# Possible London to NY Airfare Price War?



## medwards (Feb 6, 2005)

https://business.timesonline.co.uk/tol/business/industry_sectors/transport/article1464510.ece


----------



## Karl89 (Feb 20, 2005)

Medwards,

This is good news for several reasons though perhaps not for AA, BA, VS and UA monopoly. 

First it may but some pressure on Business Class fares on the NYC-LHR route, typically if you want to fly VS, BA, AA or US you are looking at a fare in excess of $7000 USD return - which no matter how much champagne they give you is about $3000 too much for a six hour flight.

Second its great news for AA Advantage members bc it will now be likely that AA and BA will be able to codeshare on transatlantic flights (currently prohibited bc of antitrust issues) and that you will be able to earn AA miles on BA transatlantic flights. And if you have your druthers you will wisely choose BA's inflight product over AA, especially in the premium classes.

But before we all start anticipating a fare war lets consider a few things:

1) Heathrow is slot restricted bc its near capacity so unless Continental or Delta or Northwest (the British BMI already has LHR slots) can buy their way into LHR they will still ply the London Gatwick route. Even if they can find some slots for LHR, they will command a real premium. Plus Continental, Delta and Northwest are in Skyteam and LHR is not a Skyteam hub so the utility of flying into LHR over LGW is not that great. 

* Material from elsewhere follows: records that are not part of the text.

(* Let $d,m\ge1$, $\nu>0$, $\boldsymbol{\xi},\mathbf{y}\in\mathbb{R}^d$, $\boldsymbol{\Omega}$ a $d\times d$ positive definite matrix and $\bar{\boldsymbol{\Gamma}}$ an $m\times m$ positive definite correlation matrix. Let $\mathbf{y}_*=(\mathbf{0}^\top,\mathbf{y}^\top)^\top$, $\boldsymbol{\xi}_*=(\mathbf{0}^\top,\boldsymbol{\xi}^\top)^\top\in\mathbb{R}^{m+d}$ and $\boldsymbol{\Omega}_*=\mathrm{diag}(\bar{\boldsymbol{\Gamma}},\boldsymbol{\Omega})$. Then $$T_{d+m}(\mathbf{y}_*-\boldsymbol{\xi}_*;\boldsymbol{\Omega}_*,\nu)=T_d(\mathbf{y}-\boldsymbol{\xi};\boldsymbol{\Omega},\nu)\,T_m(\mathbf{0};\bar{\boldsymbol{\Gamma}},\nu).$$
   Context: $T_k(\mathbf{x};\boldsymbol{\Sigma},\nu)$ denotes the cumulative distribution function, evaluated at $\mathbf{x}\in\mathbb{R}^k$, of the $k$-dimensional Student $t$ distribution with location $\mathbf{0}$, positive definite dispersion matrix $\boldsymbol{\Sigma}$ and $\nu$ degrees of freedom (i.e. of $V^{-1/2}\mathbf{X}$ with $\mathbf{X}\sim\mathcal{N}_k(\mathbf{0},\boldsymbol{\Sigma})$ independent of $V\sim\mathrm{Gamma}(\nu/2,\nu/2)$). *)

theory Defs
  imports "HOL-Probability.Probability"
begin

definition pos_def_mat :: "real^'n^'n \<Rightarrow> bool" where
  "pos_def_mat S \<longleftrightarrow> transpose S = S \<and> (\<forall>x. x \<noteq> 0 \<longrightarrow> x \<bullet> (S *v x) > 0)"

definition pos_def_corr_mat :: "real^'n^'n \<Rightarrow> bool" where
  "pos_def_corr_mat S \<longleftrightarrow> pos_def_mat S \<and> (\<forall>i. S $ i $ i = 1)"

definition mvn_density :: "real^'n^'n \<Rightarrow> real^'n \<Rightarrow> real" where
  "mvn_density S x =
     exp (- (x \<bullet> (matrix_inv S *v x)) / 2) / sqrt ((2 * pi) ^ CARD('n) * det S)"

definition mvn :: "real^'n^'n \<Rightarrow> (real^'n) measure" where
  "mvn S = density lborel (\<lambda>x. ennreal (mvn_density S x))"

definition gamma_density :: "real \<Rightarrow> real \<Rightarrow> real \<Rightarrow> real" where
  "gamma_density a b v =
     (if v > 0 then b powr a * v powr (a - 1) * exp (- b * v) / Gamma a else 0)"

definition gamma_distr :: "real \<Rightarrow> real \<Rightarrow> real measure" where
  "gamma_distr a b = density lborel (\<lambda>v. ennreal (gamma_density a b v))"

text \<open>CDF of the multivariate Student t distribution with location 0, dispersion S and
  nu degrees of freedom: the law of V^(-1/2) X with X ~ N(0,S) independent of
  V ~ Gamma(nu/2, nu/2).\<close>
definition mvt_cdf :: "real^'n \<Rightarrow> real^'n^'n \<Rightarrow> real \<Rightarrow> real" where
  "mvt_cdf x S nu =
     measure (mvn S \<Otimes>\<^sub>M gamma_distr (nu/2) (nu/2))
       {(X, V). \<forall>i. X $ i / sqrt V \<le> x $ i}"

definition block_diag :: "real^'m^'m \<Rightarrow> real^'d^'d \<Rightarrow> real^('m + 'd)^('m + 'd)" where
  "block_diag A B = (\<chi> i j. case (i, j) of
       (Inl a, Inl b) \<Rightarrow> A $ a $ b
     | (Inr a, Inr b) \<Rightarrow> B $ a $ b
     | _ \<Rightarrow> 0)"

definition vstack :: "real^'m \<Rightarrow> real^'d \<Rightarrow> real^('m + 'd)" where
  "vstack u w = (\<chi> i. case i of Inl a \<Rightarrow> u $ a | Inr b \<Rightarrow> w $ b)"

end

theory Submission
  imports Defs
begin

(* Stacking the two blocks, the normal law with dispersion diag(Gamma_bar, Omega) is the image of
   N(0, Gamma_bar) x N(0, Omega): the density factorises because the inverse and the determinant
   of a block-diagonal matrix are computed blockwise.  Given V > 0, the condition X1 / sqrt V <= 0
   on the first block is just X1 <= 0 and does not involve V, so integrating over V splits the
   joint probability as P(X1 <= 0) * T_d(y - xi; Omega, nu); the same observation gives
   T_m(0; Gamma_bar, nu) = P(X1 <= 0).  Only the Gamma law has to be normalised: the normal
   densities enter only through this factorisation. *)

section \<open>Block-diagonal matrices\<close>

lemma sum_UNIV_sum:
  "(\<Sum>i\<in>(UNIV :: ('a::finite + 'b::finite) set). f i) = (\<Sum>a\<in>UNIV. f (Inl a)) + (\<Sum>b\<in>UNIV. f (Inr b))"
  by (subst UNIV_Plus_UNIV [symmetric], subst sum.Plus) (simp_all add: o_def)

lemma prod_UNIV_sum:
  "(\<Prod>i\<in>(UNIV :: ('a::finite + 'b::finite) set). f i) = (\<Prod>a\<in>UNIV. f (Inl a)) * (\<Prod>b\<in>UNIV. f (Inr b))"
  by (subst UNIV_Plus_UNIV [symmetric], subst prod.Plus) (simp_all add: o_def)

lemma block_diag_nth [simp]:
  "block_diag A B $ Inl a $ Inl a' = A $ a $ a'"
  "block_diag A B $ Inr b $ Inr b' = B $ b $ b'"
  "block_diag A B $ Inl a $ Inr b = 0"
  "block_diag A B $ Inr b $ Inl a = 0"
  by (simp_all add: block_diag_def)

lemma vstack_nth [simp]: "vstack u w $ Inl a = u $ a" "vstack u w $ Inr b = w $ b"
  by (simp_all add: vstack_def)

lemma vstack_diff: "vstack u w - vstack u' w' = vstack (u - u') (w - w')"
  by (simp add: vec_eq_iff split_sum_all)

lemma inner_vstack: "vstack u w \<bullet> vstack u' w' = u \<bullet> u' + w \<bullet> w'"
  by (simp add: inner_vec_def sum_UNIV_sum)

lemma block_diag_mult_vstack: "block_diag A B *v vstack u w = vstack (A *v u) (B *v w)"
  by (simp add: vec_eq_iff split_sum_all matrix_vector_mult_def sum_UNIV_sum)

lemma block_diag_mult: "block_diag A B ** block_diag C D = block_diag (A ** C) (B ** D)"
  by (simp add: vec_eq_iff split_sum_all matrix_matrix_mult_def sum_UNIV_sum)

2) Some of the capacity on the LHR market is supplied by stopovers from other non-European carriers, namely Air India. With the advent of the 787 and A-350 such stopovers will not be required and that capacity will taken offline. 

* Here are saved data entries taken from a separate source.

(* Let $N\ge1$, let $\mathbf{K}\in\mathbb{R}^{N\times N}$ be the cyclic shift matrix ($(\mathbf{K}\mathbf{x})_1=x_N$, $(\mathbf{K}\mathbf{x})_i=x_{i-1}$ for $i\ge2$), $\mathbf{K}(\nu)=(1-\nu)\mathbf{I}+\nu\mathbf{K}$, $\mathbf{L}_h=N^2(\mathbf{K}+\mathbf{K}^T-2\mathbf{I})$, and for $\tilde\nu\in\mathbb{R}$ let $\mathcal{K}(\tilde\nu)=\mathbf{K}^{\lfloor\tilde\nu\rfloor}\mathbf{K}(\tilde\nu-\lfloor\tilde\nu\rfloor)$ (with $\mathbf{K}^{-1}=\mathbf{K}^T$). Let $\mathbf{A}\in\mathbb{R}^{N\times M}$ with columns $\mathbf{a}_1,\dots,\mathbf{a}_M$, let $\mathbf{b}\in\mathbb{R}^N$ (the pivot), let $\tilde\nu_j\in\operatorname{argmin}_{\tilde\omega\ge0}\|\mathbf{a}_j-\mathcal{K}(\tilde\omega)^T\mathbf{b}\|_2^2$ for $j=1,\dots,M$, and let $\mathring{\mathbf{A}}$ be the matrix whose $j$-th column is $\mathcal{K}(-\tilde\nu_j)\mathbf{a}_j$. If $\varphi$ is an eigenvector of $\mathring{\mathbf{A}}^T\mathring{\mathbf{A}}$ with eigenvalue $\lambda$, then for every $\tilde\nu\in\mathbb{R}$, $\varphi$ is also an eigenvector of $(\mathcal{K}(\tilde\nu)\mathring{\mathbf{A}})^T(\mathcal{K}(\tilde\nu)\mathring{\mathbf{A}})$ with the same eigenvalue $\lambda$, up to $\mathcal{O}(1/N^2)$; that is, $(\mathcal{K}(\tilde\nu)\mathring{\mathbf{A}})^T(\mathcal{K}(\tilde\nu)\mathring{\mathbf{A}})\varphi=\lambda\varphi+\frac{1}{N^2}\mathring{\mathbf{A}}^T\mathbf{C}\mathring{\mathbf{A}}\varphi$ where $\mathbf{C}$ is a scalar multiple of $\mathbf{L}_h$.
   Context: Convention: a matrix term $\frac1{N^2}\mathbf{C}$ with $\mathbf{C}$ a multiple of the discrete Laplacian $\mathbf{L}_h$ is regarded as $\mathcal{O}(1/N^2)$ (it is of that size when acting on grid discretizations of twice differentiable functions). *)

theory Defs
  imports Complex_Main "Jordan_Normal_Form.Char_Poly"
begin

text \<open>Matrices are Jordan_Normal_Form matrices; indices are 0-based, so
  row/column i of the paper is index i-1 here.\<close>

text \<open>Cyclic shift K: (K x)_0 = x_(N-1), (K x)_i = x_(i-1).\<close>
definition shift_mat :: "nat \<Rightarrow> real mat" where
  "shift_mat N = mat N N (\<lambda>(i,j). if i = (j + 1) mod N then 1 else 0)"

definition shift_nu :: "nat \<Rightarrow> real \<Rightarrow> real mat" where
  "shift_nu N \<nu> = (1 - \<nu>) \<cdot>\<^sub>m 1\<^sub>m N + \<nu> \<cdot>\<^sub>m shift_mat N"

definition lap_h :: "nat \<Rightarrow> real mat" where
  "lap_h N = (real N)^2 \<cdot>\<^sub>m (shift_mat N + transpose_mat (shift_mat N) - 2 \<cdot>\<^sub>m 1\<^sub>m N)"

definition shift_ipow :: "nat \<Rightarrow> int \<Rightarrow> real mat" where
  "shift_ipow N k = (if k \<ge> 0 then shift_mat N ^\<^sub>m nat k
                     else transpose_mat (shift_mat N) ^\<^sub>m nat (- k))"

definition shift_gen :: "nat \<Rightarrow> real \<Rightarrow> real mat" where
  "shift_gen N \<nu> = shift_ipow N \<lfloor>\<nu>\<rfloor> * shift_nu N (\<nu> - of_int \<lfloor>\<nu>\<rfloor>)"

definition sq_norm2 :: "real vec \<Rightarrow> real" where
  "sq_norm2 v = (\<Sum>i<dim_vec v. (v $ i)^2)"

definition aligned_mat :: "nat \<Rightarrow> nat \<Rightarrow> real mat \<Rightarrow> (nat \<Rightarrow> real) \<Rightarrow> real mat" where
  "aligned_mat N M A nu = mat N M (\<lambda>(i,j). (shift_gen N (- nu j) *\<^sub>v col A j) $ i)"

end

theory Submission imports Defs begin

text \<open>The generalised shift is \<open>K\<^sup>k K(\<theta>)\<close> with \<open>k = \<lfloor>\<nu>\<rfloor>\<close> and \<open>\<theta> = \<nu> - k\<close>. The factor
  \<open>K\<^sup>k\<close> is orthogonal, so only \<open>K(\<theta>) = (1 - \<theta>) I + \<theta> K\<close> changes Gram matrices, and since
  \<open>K\<^sup>T K = I\<close> expanding gives \<open>K(\<theta>)\<^sup>T K(\<theta>) = I + \<theta>(1 - \<theta>)(K + K\<^sup>T - 2I) = I + \<theta>(1 - \<theta>)/N\<^sup>2 L\<^sub>h\<close>.
  Hence \<open>(K\<^sup>k K(\<theta>) B)\<^sup>T (K\<^sup>k K(\<theta>) B) = B\<^sup>T B + \<theta>(1 - \<theta>)/N\<^sup>2 B\<^sup>T L\<^sub>h B\<close> for every matrix \<open>B\<close>
  with \<open>N\<close> rows; applied to the aligned matrix and an eigenvector of its Gram matrix this is
  the claim with \<open>C = \<theta>(1 - \<theta>) L\<^sub>h\<close>.\<close>

lemma gram_mult:
  fixes Q P :: "'a :: comm_ring_1 mat"
  assumes Q: "Q \<in> carrier_mat n n" and P: "P \<in> carrier_mat n m"
  shows "transpose_mat (Q * P) * (Q * P) = transpose_mat P * (transpose_mat Q * Q) * P"
proof -
  have QT: "transpose_mat Q \<in> carrier_mat n n" and PT: "transpose_mat P \<in> carrier_mat m n"
    using Q P by simp_all
  have "transpose_mat (Q * P) * (Q * P) = transpose_mat P * (transpose_mat Q * (Q * P))"
    using assoc_mult_mat[OF PT QT mult_carrier_mat[OF Q P]] by (simp add: transpose_mult[OF Q P])
  also have "\<dots> = transpose_mat P * (transpose_mat Q * Q) * P"
    using Q P QT PT by (simp add: assoc_mult_mat[of _ m n _ n _ m])
  finally show ?thesis .
qed

lemma gram_mult_orthogonal:
  fixes Q P :: "'a :: comm_ring_1 mat"
  assumes Q: "Q \<in> carrier_mat n n" and P: "P \<in> carrier_mat n m"
    and orth: "transpose_mat Q * Q = 1\<^sub>m n"
  shows "transpose_mat (Q * P) * (Q * P) = transpose_mat P * P"
  using gram_mult[OF Q P] P by (simp add: orth)

lemma orthogonal_pow_mat:
  fixes Q :: "'a :: comm_ring_1 mat"
  assumes Q: "Q \<in> carrier_mat n n" and orth: "transpose_mat Q * Q = 1\<^sub>m n"
  shows "transpose_mat (Q ^\<^sub>m k) * Q ^\<^sub>m k = 1\<^sub>m n"
proof (induction k)
  case 0
  show ?case using Q by simp
next
  case (Suc k)
  then show ?case
    using gram_mult_orthogonal[OF pow_carrier_mat[OF Q] Q] by (simp add: orth)
qed

lemma smult_mult_smult_mat:
  fixes A B :: "'a :: comm_ring mat"
  assumes "A \<in> carrier_mat nr n" and "B \<in> carrier_mat n nc"
  shows "(a \<cdot>\<^sub>m A) * (b \<cdot>\<^sub>m B) = (a * b) \<cdot>\<^sub>m (A * B)"
  using assms by (intro eq_matI) (auto simp: scalar_prod_def sum_distrib_left ac_simps)

lemma gram_convex_comb_orthogonal:
  fixes K :: "'a :: comm_ring_1 mat"
  assumes K: "K \<in> carrier_mat n n" and orth: "transpose_mat K * K = 1\<^sub>m n"
  shows "transpose_mat ((1 - t) \<cdot>\<^sub>m 1\<^sub>m n + t \<cdot>\<^sub>m K) * ((1 - t) \<cdot>\<^sub>m 1\<^sub>m n + t \<cdot>\<^sub>m K)
    = 1\<^sub>m n + (t * (1 - t)) \<cdot>\<^sub>m (K + transpose_mat K - 2 \<cdot>\<^sub>m 1\<^sub>m n)"
proof -
  define S where "S = (1 - t) \<cdot>\<^sub>m 1\<^sub>m n + t \<cdot>\<^sub>m K"
  have KT: "transpose_mat K \<in> carrier_mat n n" using K by simp
  have "transpose_mat S = (1 - t) \<cdot>\<^sub>m 1\<^sub>m n + t \<cdot>\<^sub>m transpose_mat K"
    unfolding S_def using K by (intro eq_matI) auto
  then have "transpose_mat S * S
      = ((1 - t) * (1 - t)) \<cdot>\<^sub>m 1\<^sub>m n + (t * (1 - t)) \<cdot>\<^sub>m transpose_mat K
        + (((1 - t) * t) \<cdot>\<^sub>m K + (t * t) \<cdot>\<^sub>m (transpose_mat K * K))"
    unfolding S_def using K KT
    by (simp add: add_mult_distrib_mat[of _ n n _ _ n] mult_add_distrib_mat[of _ n n _ n]
        smult_mult_smult_mat[of _ n n _ n])
  also have "\<dots> = 1\<^sub>m n + (t * (1 - t)) \<cdot>\<^sub>m (K + transpose_mat K - 2 \<cdot>\<^sub>m 1\<^sub>m n)"
    unfolding orth using K by (intro eq_matI) (auto simp: algebra_simps)
  finally show ?thesis unfolding S_def .
qed

lemma shift_mat_carrier [simp]: "shift_mat N \<in> carrier_mat N N"
  by (simp add: shift_mat_def)

lemma transpose_shift_mult_shift: "transpose_mat (shift_mat N) * shift_mat N = 1\<^sub>m N"
proof (rule eq_matI)
  fix i j assume "i < dim_row (1\<^sub>m N)" and "j < dim_col (1\<^sub>m N)"
  then have ij: "i < N" "j < N" by auto
  have "(transpose_mat (shift_mat N) * shift_mat N) $$ (i, j)
      = (\<Sum>k<N. (if k = Suc i mod N then 1 else 0) * (if k = Suc j mod N then 1 else (0::real)))"
    using ij by (simp add: shift_mat_def scalar_prod_def lessThan_atLeast0)
  also have "\<dots> = (if Suc i mod N = Suc j mod N then 1 else 0)"
    using ij by (simp add: if_distrib[of "\<lambda>x. x * _"] sum.delta cong: if_cong)
  also have "\<dots> = 1\<^sub>m N $$ (i, j)"
    using ij by (auto simp: mod_Suc split: if_splits)
  finally show "(transpose_mat (shift_mat N) * shift_mat N) $$ (i, j) = 1\<^sub>m N $$ (i, j)" .
qed (auto simp: shift_mat_def)

lemma shift_mult_transpose_shift: "shift_mat N * transpose_mat (shift_mat N) = 1\<^sub>m N"
  by (rule mat_mult_left_right_inverse[OF _ _ transpose_shift_mult_shift]) auto

lemma shift_ipow_carrier: "shift_ipow N k \<in> carrier_mat N N"
  by (simp add: shift_ipow_def)

lemma transpose_shift_ipow_mult_shift_ipow: "transpose_mat (shift_ipow N k) * shift_ipow N k = 1\<^sub>m N"
  using orthogonal_pow_mat[OF shift_mat_carrier transpose_shift_mult_shift]
    orthogonal_pow_mat[of "transpose_mat (shift_mat N)"] shift_mult_transpose_shift
  by (simp add: shift_ipow_def)

lemma shift_gen_carrier: "shift_gen N \<nu> \<in> carrier_mat N N"
  unfolding shift_gen_def shift_nu_def by (simp add: mult_carrier_mat[OF shift_ipow_carrier])

lemma gram_shift_gen:
  fixes \<nu> :: real
  defines "\<theta> \<equiv> \<nu> - of_int \<lfloor>\<nu>\<rfloor>"
  shows "transpose_mat (shift_gen N \<nu>) * shift_gen N \<nu>
    = 1\<^sub>m N + (\<theta> * (1 - \<theta>)) \<cdot>\<^sub>m (shift_mat N + transpose_mat (shift_mat N) - 2 \<cdot>\<^sub>m 1\<^sub>m N)"
proof -
  have "shift_nu N \<theta> \<in> carrier_mat N N" by (simp add: shift_nu_def)
  then have "transpose_mat (shift_gen N \<nu>) * shift_gen N \<nu>
      = transpose_mat (shift_nu N \<theta>) * shift_nu N \<theta>"
    unfolding shift_gen_def \<theta>_def
    by (rule gram_mult_orthogonal[OF shift_ipow_carrier _ transpose_shift_ipow_mult_shift_ipow])
  then show ?thesis
    unfolding shift_nu_def
    using gram_convex_comb_orthogonal[OF shift_mat_carrier transpose_shift_mult_shift] by simp
qed

lemma smult_mat_mult_vec:
  fixes A :: "'a :: comm_ring mat"
  assumes "A \<in> carrier_mat nr nc" and "v \<in> carrier_vec nc"
  shows "(k \<cdot>\<^sub>m A) *\<^sub>v v = k \<cdot>\<^sub>v (A *\<^sub>v v)"
  using assms by (intro eq_vecI) (auto simp: scalar_prod_def sum_distrib_left mult.assoc)

lemma mult_smult_mult_mat:
  fixes P X Q :: "'a :: comm_ring mat"
  assumes "P \<in> carrier_mat m n" and "X \<in> carrier_mat n n" and "Q \<in> carrier_mat n k"
  shows "P * (c \<cdot>\<^sub>m X) * Q = c \<cdot>\<^sub>m (P * X * Q)"
  using assms by (simp add: mult_smult_distrib mult_smult_assoc_mat[of _ m n])

lemma gram_mult_mat_vec_perturbed:
  fixes G B X :: "'a :: comm_ring_1 mat"
  assumes G: "G \<in> carrier_mat n n" and B: "B \<in> carrier_mat n m" and X: "X \<in> carrier_mat n n"
    and v: "v \<in> carrier_vec m" and gram: "transpose_mat G * G = 1\<^sub>m n + c \<cdot>\<^sub>m X"
  shows "(transpose_mat (G * B) * (G * B)) *\<^sub>v v
    = (transpose_mat B * B) *\<^sub>v v + c \<cdot>\<^sub>v ((transpose_mat B * X * B) *\<^sub>v v)"
proof -
  have BT: "transpose_mat B \<in> carrier_mat m n" using B by simp
  have "transpose_mat (G * B) * (G * B) = transpose_mat B * B + c \<cdot>\<^sub>m (transpose_mat B * X * B)"
    using B BT X
    by (simp add: gram_mult[OF G B] gram mult_add_distrib_mat[of _ m n _ n] add_mult_distrib_mat[of _ m n]
        mult_smult_distrib[of _ m n] mult_smult_assoc_mat[of _ m n])
  then show ?thesis
    using B BT X v
    by (simp add: add_mult_distrib_mat_vec[of _ m m] smult_mat_mult_vec[of _ m m])
qed

theorem proposition3p1:
  fixes N M :: nat and A :: "real mat" and b :: "real vec"
    and nu :: "nat \<Rightarrow> real" and \<phi> :: "real vec" and lam :: real
  assumes "N \<ge> 1"
    and "A \<in> carrier_mat N M"
    and "b \<in> carrier_vec N"
    and "\<forall>j<M. nu j \<ge> 0 \<and>
           (\<forall>\<omega>\<ge>0. sq_norm2 (col A j - transpose_mat (shift_gen N (nu j)) *\<^sub>v b)
                   \<le> sq_norm2 (col A j - transpose_mat (shift_gen N \<omega>) *\<^sub>v b))"
    and "eigenvector (transpose_mat (aligned_mat N M A nu) * aligned_mat N M A nu) \<phi> lam"
  shows "\<forall>\<nu>::real. \<exists>c::real.
           (transpose_mat (shift_gen N \<nu> * aligned_mat N M A nu)
              * (shift_gen N \<nu> * aligned_mat N M A nu)) *\<^sub>v \<phi>
           = lam \<cdot>\<^sub>v \<phi> + (1 / (real N)^2) \<cdot>\<^sub>v
               ((transpose_mat (aligned_mat N M A nu) * (c \<cdot>\<^sub>m lap_h N) * aligned_mat N M A nu) *\<^sub>v \<phi>)"
proof
  fix \<nu> :: real
  define B where "B = aligned_mat N M A nu"
  define X where "X = shift_mat N + transpose_mat (shift_mat N) - 2 \<cdot>\<^sub>m 1\<^sub>m N"
  define c where "c = (\<nu> - of_int \<lfloor>\<nu>\<rfloor>) * (1 - (\<nu> - of_int \<lfloor>\<nu>\<rfloor>))"
  have B: "B \<in> carrier_mat N M" by (simp add: B_def aligned_mat_def)
  have X: "X \<in> carrier_mat N N" unfolding X_def by (rule minus_carrier_mat) simp
  from \<open>eigenvector _ \<phi> lam\<close> B have \<phi>: "\<phi> \<in> carrier_vec M"
    and eigen: "(transpose_mat B * B) *\<^sub>v \<phi> = lam \<cdot>\<^sub>v \<phi>"
    unfolding eigenvector_def B_def by auto
  have "(transpose_mat (shift_gen N \<nu> * B) * (shift_gen N \<nu> * B)) *\<^sub>v \<phi>
      = lam \<cdot>\<^sub>v \<phi> + c \<cdot>\<^sub>v ((transpose_mat B * X * B) *\<^sub>v \<phi>)"
    using gram_mult_mat_vec_perturbed[OF shift_gen_carrier B X \<phi>] gram_shift_gen
    by (simp add: eigen X_def c_def)
  also have "c \<cdot>\<^sub>v ((transpose_mat B * X * B) *\<^sub>v \<phi>)
      = (1 / (real N)^2) \<cdot>\<^sub>v ((transpose_mat B * (c \<cdot>\<^sub>m lap_h N) * B) *\<^sub>v \<phi>)"
  proof -
    have "c \<cdot>\<^sub>m lap_h N = (c * (real N)^2) \<cdot>\<^sub>m X"
      unfolding lap_h_def X_def by (intro eq_matI) auto
    then show ?thesis
      using \<open>N \<ge> 1\<close> B X \<phi>
      by (simp add: mult_smult_mult_mat[of _ M N] smult_mat_mult_vec[of _ M M] smult_smult_assoc)
  qed
  finally show "\<exists>c. (transpose_mat (shift_gen N \<nu> * aligned_mat N M A nu)
              * (shift_gen N \<nu> * aligned_mat N M A nu)) *\<^sub>v \<phi>
           = lam \<cdot>\<^sub>v \<phi> + (1 / (real N)^2) \<cdot>\<^sub>v
               ((transpose_mat (aligned_mat N M A nu) * (c \<cdot>\<^sub>m lap_h N) * aligned_mat N M A nu) *\<^sub>v \<phi>)"
    unfolding B_def by blast
qed

end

3) While LHR is a bit more accessible to central London than LGW is, both are a nightmare by cab (not to mention outrageously expensive) and carrying luggage on the Heathrow or Gatwick Express is no fun. London's best airport is in the middle of London proper! Of course I speak of London City (LCY). All the airlines clamoring for LHR access should begin an all business class service (where all the money is anyway) from NYC to LCY. Lufthansa, Swissair and KLM all currently offer all business class service on modified 737-700s and A-319s. The only problem might be, as only who has flown out of LCy can attest to, is that LCY has extremely short runways - from the air it looks as if you are landing on an aircraft carrier, only with a shorter flightdeck!

So all in all good news and perhaps slighly lower fares but for all you extreme bargain hunters out there - sorry but Sir Freddi Laker has left the building!

Karl


----------